In this synthetic data set, we see that all SNPs (rs7522705 less so and rs4135225 more so) appear to play a role in this network. rs4880 has suggestive associations with cognitive function and pain; rs5746136 has significant associations with sleepiness; rs1041740 has significant associations with anxiety and cognitive function and a suggestive association with fatigue, etc.
4.5.2 Bayesian posterior probabilities of association
In addition to log10 BFs, probabilities for no association, direct association, and indirect association are output while marginal posterior probabilities of association (MPPA) are calculated by summing the marginal posterior probabilities of direct and indirect association.

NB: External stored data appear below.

section \<open>Circular subnetworks have no unique fixed point\<close>

lemma full_cycle_unique_in_arc:
  assumes "graph_is_full_cycle G I" "i \<in> I"
  obtains j where "pos_arc G I j i \<or> neg_arc G I j i"
    "\<And>j'. pos_arc G I j' i \<or> neg_arc G I j' i \<Longrightarrow> j' = j"
proof -
  obtain vs where "distinct vs" "set vs = I" and arc: "\<And>j i. pos_arc G I j i \<or> neg_arc G I j i
      \<longleftrightarrow> (\<exists>k < length vs. j = vs ! k \<and> i = vs ! (Suc k mod length vs))"
    using assms(1) unfolding graph_is_full_cycle_def by blast
  let ?n = "length vs"
  obtain m where m: "m < ?n" "i = vs ! m"
    using assms(2) \<open>set vs = I\<close> by (metis in_set_conv_nth)
  define k where "k = (m + ?n - 1) mod ?n"
  have k_less: "k < ?n"
    using m(1) unfolding k_def by (intro mod_less_divisor) linarith
  have k_succ: "Suc k mod ?n = m"
    using m(1) unfolding k_def by (cases m) (auto simp: mod_Suc)
  show thesis
  proof
    show "pos_arc G I (vs ! k) i \<or> neg_arc G I (vs ! k) i"
      using arc k_less k_succ m by auto
  next
    fix j' assume "pos_arc G I j' i \<or> neg_arc G I j' i"
    then obtain k' where k': "k' < ?n" "j' = vs ! k'" "i = vs ! (Suc k' mod ?n)"
      using arc by blast
    moreover have "Suc k' mod ?n < ?n"
      using k'(1) by (intro mod_less_divisor) linarith
    ultimately have "Suc k' mod ?n = m"
      using nth_eq_iff_index_eq[OF \<open>distinct vs\<close>] m by metis
    then have "k' = k"
      using k_less k_succ k'(1) by (auto simp: mod_Suc split: if_splits)
    then show "j' = vs ! k"
      using k' by simp
  qed
qed

lemma value_depends_on_single_input:
  fixes G :: "('v::finite \<Rightarrow> bool) \<Rightarrow> ('v \<Rightarrow> bool)"
  assumes no_arc: "\<And>k. k \<noteq> j \<Longrightarrow> \<not> pos_arc G I k i \<and> \<not> neg_arc G I k i" and i: "i \<in> I"
    and "x \<in> confs I" "x' \<in> confs I" "x j = x' j"
  shows "G x i = G x' i"
  using assms(3-5)
proof (induction "card {v. x v \<noteq> x' v}" arbitrary: x rule: less_induct)
  case less
  show ?case
  proof (cases "x = x'")
    case False
    then obtain k where k: "x k \<noteq> x' k" by auto
    then have "k \<in> I" "k \<noteq> j"
      using less.prems confs_outside by metis+
    let ?x = "x(k := x' k)"
    have "card {v. ?x v \<noteq> x' v} < card {v. x v \<noteq> x' v}"
      using k by (intro psubset_card_mono) auto
    moreover have "?x \<in> confs I" "?x j = x' j"
      using less.prems \<open>k \<in> I\<close> \<open>k \<noteq> j\<close> by (simp_all add: fun_upd_in_confs)
    ultimately have "G ?x i = G x' i"
      using less.hyps less.prems(2) by blast
    moreover have "G (x(k := True)) i = G (x(k := False)) i"
      using no_arc[OF \<open>k \<noteq> j\<close>] \<open>k \<in> I\<close> i less.prems(1) by (auto simp: pos_arc_def neg_arc_def)
    then have "G (x(k := b)) i = G (x(k := c)) i" for b c
      by (cases b; cases c) simp_all
    then have "G x i = G ?x i"
      using fun_upd_triv by metis
    ultimately show ?thesis by simp
  qed simp
qed

lemma full_cycle_complement:
  fixes G :: "('v::finite \<Rightarrow> bool) \<Rightarrow> ('v \<Rightarrow> bool)"
  assumes cyc: "graph_is_full_cycle G I" and x: "x \<in> confs I" and i: "i \<in> I"
  shows "G (\<lambda>v. v \<in> I \<and> \<not> x v) i = (\<not> G x i)"
proof -
  obtain j where arc: "pos_arc G I j i \<or> neg_arc G I j i"
    and only: "\<And>j'. pos_arc G I j' i \<or> neg_arc G I j' i \<Longrightarrow> j' = j"
    using full_cycle_unique_in_arc[OF cyc i] by blast
  have j: "j \<in> I"
    using arc by (auto simp: pos_arc_def neg_arc_def)
  let ?T = "\<lambda>v. v = j" and ?E = "\<lambda>v. False"
  have no_arc: "\<And>k. k \<noteq> j \<Longrightarrow> \<not> pos_arc G I k i \<and> \<not> neg_arc G I k i"
    using only by blast
  have literal: "G y i = (if y j then G ?T i else G ?E i)" if "y \<in> confs I" for y
  proof -
    have "G y i = G ?T i" if "y j"
      by (rule value_depends_on_single_input[OF no_arc i]) (use \<open>y \<in> confs I\<close> that j in \<open>auto simp: confs_def\<close>)
    moreover have "G y i = G ?E i" if "\<not> y j"
      by (rule value_depends_on_single_input[OF no_arc i]) (use \<open>y \<in> confs I\<close> that in \<open>auto simp: confs_def\<close>)
    ultimately show ?thesis by simp
  qed
  have "G ?T i \<noteq> G ?E i"
  proof
    assume "G ?T i = G ?E i"
    then have "G y i = G ?E i" if "y \<in> confs I" for y
      using literal[OF that] by simp
    then show False
      using arc j by (auto simp: pos_arc_def neg_arc_def fun_upd_in_confs)
  qed
  then show ?thesis
    using literal[OF x] literal[of "\<lambda>v. v \<in> I \<and> \<not> x v"] j by (auto simp: confs_def)
qed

# Read in second result file
s <- readLines("./output/bimbam_out.mph.prob.txt")
# Initialize an empty list to store the matrix for each rs#
matrix_list <- vector("list", length(s))
# Process each line
for (i in 1:length(s)) {
# Split the line by spaces
split_values <- strsplit(s[i], "\\s+")[[1]]
# Store the rs# value
rs <- split_values[1]
m2 <- matrix(na.omit(as.numeric(str_split(s, " ")[[i]])), nrow = 2)
m2 <- rbind(m2, 1 - (m2[1,] + m2[2,]))
# Set the column and row names
colnames(m2) <- trait_mapping
rownames(m2) <- c(paste0(rs, "_Unassociated"), paste0(rs, "_Directly"), paste0(rs, "_Indirectly"))

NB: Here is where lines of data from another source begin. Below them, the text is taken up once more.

lemma ennreal_abs_suminf_le:
  fixes c :: "nat \<Rightarrow> real"
  shows "ennreal \<bar>suminf c\<bar> \<le> (\<Sum>r. ennreal \<bar>c r\<bar>)"
proof (cases "summable (\<lambda>r. \<bar>c r\<bar>)")
  case True
  then have "(\<Sum>r. ennreal \<bar>c r\<bar>) = ennreal (\<Sum>r. \<bar>c r\<bar>)"
    by (intro suminf_ennreal2) auto
  then show ?thesis
    using summable_rabs[OF True] by (simp only: ennreal_leI)
next
  case False
  have "(\<Sum>r. ennreal \<bar>c r\<bar>) = top"
  proof (rule ccontr)
    assume "(\<Sum>r. ennreal \<bar>c r\<bar>) \<noteq> top"
    then have "summable (\<lambda>r. \<bar>c r\<bar>)" by (rule summable_suminf_not_top[rotated]) simp
    with False show False by contradiction
  qed
  then show ?thesis by simp
qed

lemma ennreal_abs_add_sums_le:
  fixes c B :: "nat \<Rightarrow> real"
  assumes "c sums t" and "\<And>r. \<bar>c r\<bar> \<le> B r"
  shows "ennreal \<bar>a + t\<bar> \<le> ennreal \<bar>a\<bar> + (\<Sum>r. ennreal (B r))"
proof -
  have "ennreal \<bar>t\<bar> \<le> (\<Sum>r. ennreal \<bar>c r\<bar>)"
    using ennreal_abs_suminf_le[of c] by (simp only: sums_unique[OF assms(1)])
  also have "\<dots> \<le> (\<Sum>r. ennreal (B r))"
    using assms(2) by (intro suminf_le summableI ennreal_leI)
  finally have t_le: "ennreal \<bar>t\<bar> \<le> (\<Sum>r. ennreal (B r))" .
  have "ennreal \<bar>a + t\<bar> \<le> ennreal (\<bar>a\<bar> + \<bar>t\<bar>)"
    by (rule ennreal_leI) (rule abs_triangle_ineq)
  also have "\<dots> = ennreal \<bar>a\<bar> + ennreal \<bar>t\<bar>"
    by (rule ennreal_plus) simp_all
  also have "\<dots> \<le> ennreal \<bar>a\<bar> + (\<Sum>r. ennreal (B r))"
    using t_le by (rule add_left_mono)
  finally show ?thesis .
qed

lemma Max_range_ge:
  fixes f :: "'a::finite \<Rightarrow> 'b::linorder"
  shows "f x \<le> Max (range f)"
  by (rule Max_ge) auto

lemma abs_inner_le_sum_abs:
  fixes u \<beta> :: "real^'p::finite"
  assumes "\<And>j. \<bar>u $ j\<bar> \<le> \<delta>"
  shows "\<bar>u \<bullet> \<beta>\<bar> \<le> \<delta> * (\<Sum>j\<in>UNIV. \<bar>\<beta> $ j\<bar>)"
proof -
  have "\<bar>u \<bullet> \<beta>\<bar> \<le> (\<Sum>j\<in>UNIV. \<bar>u $ j * \<beta> $ j\<bar>)"
    unfolding inner_vec_def by (simp add: sum_abs)
  also have "\<dots> \<le> (\<Sum>j\<in>UNIV. \<delta> * \<bar>\<beta> $ j\<bar>)"
    by (intro sum_mono) (simp add: abs_mult mult_right_mono assms)
  finally show ?thesis by (simp add: sum_distrib_left)
qed

lemma score_coordinate_le_noise_plus_taylor_tail:
  fixes v y t s z :: "'n::finite \<Rightarrow> real" and D :: "nat \<Rightarrow> real \<Rightarrow> real"
  assumes taylor: "\<And>i. (\<lambda>r. D r (t i) / fact r * s i ^ r) sums z i"
    and v_sq: "(\<Sum>i\<in>UNIV. (v i)\<^sup>2) = real CARD('n)"
    and s_le: "\<And>i. \<bar>s i\<bar> \<le> \<rho>"
  shows "ennreal (1 / real CARD('n) * \<bar>\<Sum>i\<in>UNIV. v i * (y i - D 0 (t i))\<bar>)
    \<le> ennreal (1 / real CARD('n) * \<bar>\<Sum>i\<in>UNIV. v i * (y i - z i)\<bar>)
      + (\<Sum>r. ennreal (\<rho> ^ Suc r / (fact (Suc r) * sqrt (real CARD('n)))
                     * sqrt (\<Sum>i\<in>UNIV. (D (Suc r) (t i))\<^sup>2)))"
proof -
  define n where "n = real CARD('n)"
  have n_pos: "n > 0" unfolding n_def by simp
  have \<rho>_nonneg: "\<rho> \<ge> 0" using s_le[of undefined] by linarith
  define d where "d r i = D (Suc r) (t i) / fact (Suc r) * s i ^ Suc r" for r i
  define c where "c r = (\<Sum>i\<in>UNIV. v i * d r i) / n" for r
  have tail: "(\<lambda>r. d r i) sums (z i - D 0 (t i))" for i
  proof -
    have "(\<lambda>r. D r (t i) / fact r * s i ^ r) sums (z i - D 0 (t i) + D 0 (t i) / fact 0 * s i ^ 0)"
      using taylor[of i] by simp
    then show ?thesis unfolding d_def by (rule sums_Suc_iff[THEN iffD2])
  qed
  have c_sums: "c sums ((\<Sum>i\<in>UNIV. v i * (z i - D 0 (t i))) / n)"
    unfolding c_def by (intro sums_divide sums_sum sums_mult tail)
  have c_le: "\<bar>c r\<bar> \<le> \<rho> ^ Suc r / (fact (Suc r) * sqrt n) * sqrt (\<Sum>i\<in>UNIV. (D (Suc r) (t i))\<^sup>2)"
    for r
  proof -
    have "\<bar>d r i\<bar> \<le> \<rho> ^ Suc r / fact (Suc r) * \<bar>D (Suc r) (t i)\<bar>" for i
    proof -
      have "\<bar>d r i\<bar> = \<bar>D (Suc r) (t i)\<bar> / fact (Suc r) * \<bar>s i\<bar> ^ Suc r"
        by (simp add: d_def abs_mult power_abs)
      also have "\<dots> \<le> \<bar>D (Suc r) (t i)\<bar> / fact (Suc r) * \<rho> ^ Suc r"
        by (intro mult_left_mono power_mono s_le) auto
      also have "\<dots> = \<rho> ^ Suc r / fact (Suc r) * \<bar>D (Suc r) (t i)\<bar>"
        by simp
      finally show ?thesis .
    qed
    then have "\<bar>\<Sum>i\<in>UNIV. v i * d r i\<bar> / n
        \<le> \<rho> ^ Suc r / fact (Suc r) / sqrt n * sqrt (\<Sum>i\<in>UNIV. (D (Suc r) (t i))\<^sup>2)"
      using n_pos \<rho>_nonneg v_sq[folded n_def]
      by (intro abs_sum_mult_div_le_scaled_sqrt_sum_squares) auto
    then show ?thesis
      using n_pos by (simp add: c_def abs_divide)
  qed
  have split: "(\<Sum>i\<in>UNIV. v i * (y i - D 0 (t i))) / n
      = (\<Sum>i\<in>UNIV. v i * (y i - z i)) / n + (\<Sum>i\<in>UNIV. v i * (z i - D 0 (t i))) / n"
    unfolding add_divide_distrib[symmetric] by (subst sum.distrib[symmetric]) (simp add: algebra_simps)
  have "ennreal \<bar>(\<Sum>i\<in>UNIV. v i * (y i - D 0 (t i))) / n\<bar>
      \<le> ennreal \<bar>(\<Sum>i\<in>UNIV. v i * (y i - z i)) / n\<bar>
        + (\<Sum>r. ennreal (\<rho> ^ Suc r / (fact (Suc r) * sqrt n) * sqrt (\<Sum>i\<in>UNIV. (D (Suc r) (t i))\<^sup>2)))"
    unfolding split using c_sums c_le by (rule ennreal_abs_add_sums_le)
  then show ?thesis
    using n_pos by (simp add: n_def abs_divide)
qed

theorem proposition1:
  fixes \<beta>0 :: "real^'p::finite"
    and x u w :: "'n::finite \<Rightarrow> real^'p"
    and y :: "'n \<Rightarrow> real"
    and \<mu> :: "real \<Rightarrow> real"
    and lam \<delta> :: real
  assumes w_def: "\<And>i. w i = x i + u i"
    and std_mean: "\<And>j. (1 / real CARD('n)) * (\<Sum>i\<in>UNIV. w i $ j) = 0"
    and std_var: "\<And>j. (1 / real CARD('n)) * (\<Sum>i\<in>UNIV. (w i $ j)\<^sup>2) = 1"
    and smooth: "\<And>r t. mu_deriv \<mu> r differentiable (at t)"
    and taylor: "\<And>i. (\<lambda>r. mu_deriv \<mu> r (w i \<bullet> \<beta>0) / fact r * (- (u i \<bullet> \<beta>0)) ^ r)
                        sums \<mu> (x i \<bullet> \<beta>0)"
    and lam_nonneg: "lam \<ge> 0" and delta_nonneg: "\<delta> \<ge> 0"
    and lam_bound: "(1 / real CARD('n)) *
          Max (range (\<lambda>j. \<bar>\<Sum>i\<in>UNIV. w i $ j * (y i - \<mu> (x i \<bullet> \<beta>0))\<bar>)) \<le> lam"
    and U_bound: "Max (range (\<lambda>(i, j). \<bar>u i $ j\<bar>)) \<le> \<delta>"
  shows "\<beta>0 \<in> Theta \<mu> w y lam \<delta>"
proof -
  define n where "n = real CARD('n)"
  define L where "L = (\<Sum>j\<in>UNIV. \<bar>\<beta>0 $ j\<bar>)"
  define score where "score = (\<lambda>j. \<bar>\<Sum>i\<in>UNIV. w i $ j * (y i - \<mu> (w i \<bullet> \<beta>0))\<bar>)"
  define noise where "noise = (\<lambda>j. \<bar>\<Sum>i\<in>UNIV. w i $ j * (y i - \<mu> (x i \<bullet> \<beta>0))\<bar>)"
  have u\<beta>_le: "\<bar>- (u i \<bullet> \<beta>0)\<bar> \<le> \<delta> * L" for i
    using Max_range_ge[of "\<lambda>(i, j). \<bar>u i $ j\<bar>"] U_bound
    unfolding abs_minus_cancel L_def by (intro abs_inner_le_sum_abs) fastforce
  have noise_le: "1 / n * noise j \<le> lam" for j
    using mult_left_mono[OF Max_range_ge[of noise j], of "1 / n"] lam_bound
    unfolding n_def noise_def by simp
  have col_sq: "(\<Sum>i\<in>UNIV. (w i $ j)\<^sup>2) = real CARD('n)" for j
    using std_var[of j] by (simp add: field_simps)
  have score_le: "ennreal (1 / n * score j) \<le> ennreal lam +
      (\<Sum>r. ennreal (\<delta> ^ Suc r / (fact (Suc r) * sqrt n) * L ^ Suc r
                     * sqrt (\<Sum>i\<in>UNIV. (mu_deriv \<mu> (Suc r) (w i \<bullet> \<beta>0))\<^sup>2)))" for j
  proof -
    have "ennreal (1 / n * score j) \<le> ennreal (1 / n * noise j) +
        (\<Sum>r. ennreal ((\<delta> * L) ^ Suc r / (fact (Suc r) * sqrt n)
                       * sqrt (\<Sum>i\<in>UNIV. (mu_deriv \<mu> (Suc r) (w i \<bullet> \<beta>0))\<^sup>2)))"
      using score_coordinate_le_noise_plus_taylor_tail[of "mu_deriv \<mu>" "\<lambda>i. w i \<bullet> \<beta>0"
          "\<lambda>i. - (u i \<bullet> \<beta>0)" "\<lambda>i. \<mu> (x i \<bullet> \<beta>0)" "\<lambda>i. w i $ j" "\<delta> * L" y,
          OF taylor col_sq u\<beta>_le]
      unfolding score_def noise_def n_def by (simp add: mu_deriv_def)
    also have "\<dots> \<le> ennreal lam +
        (\<Sum>r. ennreal (\<delta> ^ Suc r / (fact (Suc r) * sqrt n) * L ^ Suc r
                       * sqrt (\<Sum>i\<in>UNIV. (mu_deriv \<mu> (Suc r) (w i \<bullet> \<beta>0))\<^sup>2)))"
      using ennreal_leI[OF noise_le[of j]] by (simp add: power_mult_distrib mult_ac add_right_mono)
    finally show ?thesis .
  qed
  have "Max (range score) \<in> range score" by (rule Max_in) auto
  then obtain j where "Max (range score) = score j" by blast
  with score_le[of j] show ?thesis
    unfolding Theta_def mem_Collect_eq score_def[symmetric] n_def[symmetric] L_def[symmetric]
    by simp
qed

# Store the matrix in the list, using rs# as the name
matrix_list[[i]] <- list(rs = rs, m2 = m2)
}
# Combine all matrices into a single matrix
m2 <- do.call(rbind, lapply(matrix_list, function(x) x$m))
for (i in 1:ncol(m2)) {
m2[, i] <- as.numeric(gsub("\"", "", m2[, i]))

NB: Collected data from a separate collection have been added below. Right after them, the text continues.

lemma nn_integral_simplex_weight4:
  fixes p01 p12 p23 p02 p03 :: real
  assumes p01: "p01 > -1" and p12: "p12 > -1" and p23: "p23 > -1"
    and p012: "p01+p12+p02 > -2"
  shows "(\<integral>\<^sup>+x. simplex_weight4 p01 p12 p23 p02 0 p03 x \<partial>cube_measure 4)
       = (if p01+p12+p23+p02+p03 > -3
          then ennreal (Beta (p01+1) (p12+1) * Beta (p01+p12+p02+2) (p23+1) /
                 ((p01+p12+p23+p02+p03+3)*(p01+p12+p23+p02+p03+4))) else \<infinity>)"
proof -
  define B1 where "B1 = Beta (p01+1) (p12+1)"
  define s where "s = p01+p12+p02+1"
  define B2 where "B2 = Beta (s+1) (p23+1)"
  define r where "r = p01+p12+p23+p02+p03+2"
  have B1: "B1 > 0"
    unfolding B1_def Beta_def using p01 p12 by simp
  have B2: "B2 > 0"
    unfolding B2_def Beta_def s_def using p23 p012 by simp
  have split: "{..<4::nat} = insert 1 (insert 2 (insert 0 {3}))" by auto
  have "(\<integral>\<^sup>+x. simplex_weight4 p01 p12 p23 p02 0 p03 x \<partial>cube_measure 4)
      = (\<integral>\<^sup>+x. \<integral>\<^sup>+y. ennreal (if (0 < x 0 \<and> x 2 < x 3 \<and> x 3 < 1) \<and> x 0 < y \<and> y < x 2
            then ((x 3 - x 2) powr p23 * (x 2 - x 0) powr p02 * (x 3 - x 0) powr p03) *
                 ((y - x 0) powr p01 * (x 2 - y) powr p12) else 0)
          \<partial>lborel \<partial>(\<Pi>\<^sub>M j\<in>{2,0,3::nat}. lborel))"
    unfolding cube_measure_def split simplex_weight4_def
    by (rule nn_integral_PiM_lborel_insert;
        ((auto simp: fun_upd_apply ac_simps; fail) | measurable))
  also have "\<dots> = (\<integral>\<^sup>+x. ennreal (if 0 < x 0 \<and> x 0 < x 2 \<and> x 2 < x 3 \<and> x 3 < 1
            then (B1 * (x 3 - x 0) powr p03) * ((x 2 - x 0) powr s * (x 3 - x 2) powr p23) else 0)
          \<partial>(\<Pi>\<^sub>M j\<in>{2,0,3::nat}. lborel))"
    using p01 p12
    by (intro nn_integral_cong, subst nn_integral_Beta_kernel)
       (auto simp: B1_def s_def powr_add ac_simps)
  also have "\<dots> = (\<integral>\<^sup>+x. \<integral>\<^sup>+y. ennreal (if (0 < x 0 \<and> x 3 < 1) \<and> x 0 < y \<and> y < x 3
            then (B1 * (x 3 - x 0) powr p03) * ((y - x 0) powr s * (x 3 - y) powr p23) else 0)
          \<partial>lborel \<partial>(\<Pi>\<^sub>M j\<in>{0,3::nat}. lborel))"
    by (rule nn_integral_PiM_lborel_insert;
        ((auto simp: fun_upd_apply ac_simps; fail) | measurable))
  also have "\<dots> = (\<integral>\<^sup>+x. ennreal (if 0 < x 0 \<and> x 0 < x 3 \<and> x 3 < 1 then (B1 * B2) * (x 3 - x 0) powr r else 0)
          \<partial>(\<Pi>\<^sub>M j\<in>{0,3::nat}. lborel))"
    using p23 p012 B1
    by (intro nn_integral_cong, subst nn_integral_Beta_kernel)
       (auto simp: B2_def s_def r_def powr_add ac_simps)
  also have "\<dots> = (if r > -1 then ennreal ((B1 * B2) / ((r+1)*(r+2))) else \<infinity>)"
    using B1 B2 by (intro nn_integral_PiM_lborel_triangle) simp_all
  finally show ?thesis
    unfolding r_def B1_def B2_def s_def by (simp add: ac_simps add_ac)
qed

}pander(m2, digits = 4, caption = "Bayesian Probabilities")| Anxiety | Depression | Fatigue | |
|---|---|---|---|
| rs4880_Unassociated | 0.3751 | 0.0881 | 0.3875 |
| rs4880_Directly | 0.3415 | 0.9115 | 0.2468 |
| rs4880_Indirectly | 0.2834 | 0.00035 | 0.3657 |
| rs5746136_Unassociated | 0.1947 | 0.3647 | 0.07658 |
| rs5746136_Directly | 0.8037 | 0.5952 | 0.9207 |
| rs5746136_Indirectly | 0.00154 | 0.04015 | 0.00272 |
| rs1041740_Unassociated | 0 | 0.07304 | 0 |
| rs1041740_Directly | 1 | 0.9007 | 0.4676 |
| rs1041740_Indirectly | 0 | 0.02628 | 0.5324 |
| rs10432782_Unassociated | 0.00504 | 0.00493 | 0.3862 |
| rs10432782_Directly | 0.9831 | 0.9789 | 0.3531 |
| rs10432782_Indirectly | 0.01188 | 0.01618 | 0.2607 |
| rs4135225_Unassociated | 0.08721 | 0.01237 | 0 |
| rs4135225_Directly | 0.9128 | 0.532 | 1 |
| rs4135225_Indirectly | 0 | 0.4556 | 0 |
| rs7522705_Unassociated | 0.4168 | 0.54 | 0.4684 |
| rs7522705_Directly | 0.458 | 0.4192 | 0.5191 |
| rs7522705_Indirectly | 0.1253 | 0.04077 | 0.01252 |
| Cognitive function | Sleepiness | Pain | |
|---|---|---|---|
| rs4880_Unassociated | 0.00077 | 0.2343 | 0.00035 |
| rs4880_Directly | 0.9992 | 0.358 | 0.9997 |
| rs4880_Indirectly | 0 | 0.4077 | 0 |
| rs5746136_Unassociated | 0.1642 | 0 | 0.05097 |
| rs5746136_Directly | 0.8279 | 0.9999 | 0.5256 |
| rs5746136_Indirectly | 0.00791 | 9e-05 | 0.4234 |
| rs1041740_Unassociated | 0 | 0.2551 | 0.2203 |
| rs1041740_Directly | 0.9235 | 0.7228 | 0.3356 |
| rs1041740_Indirectly | 0.0765 | 0.02212 | 0.4441 |
| rs10432782_Unassociated | 0.3096 | 0.2886 | 0.3648 |
| rs10432782_Directly | 0.6901 | 0.4881 | 0.4547 |
| rs10432782_Indirectly | 0.00032 | 0.2233 | 0.1805 |
| rs4135225_Unassociated | 0 | 0 | 0 |
| rs4135225_Directly | 0.361 | 0.3242 | 0.9953 |
| rs4135225_Indirectly | 0.639 | 0.6758 | 0.00466 |
| rs7522705_Unassociated | 0.1034 | 0.5502 | 0.3012 |
| rs7522705_Directly | 0.8893 | 0.272 | 0.6018 |
| rs7522705_Indirectly | 0.00732 | 0.1778 | 0.09697 |
Interpretation: The numbers above can be interpreted as the probability of no association, direct association, or indirect association, which together sum to 1 (i.e., 100%). Both directly and indirectly associated phenotypes are associated with a given genotype, but indirectly associated phenotypes are conditionally independent of the genotype given the presence of a directly associated phenotype in the model.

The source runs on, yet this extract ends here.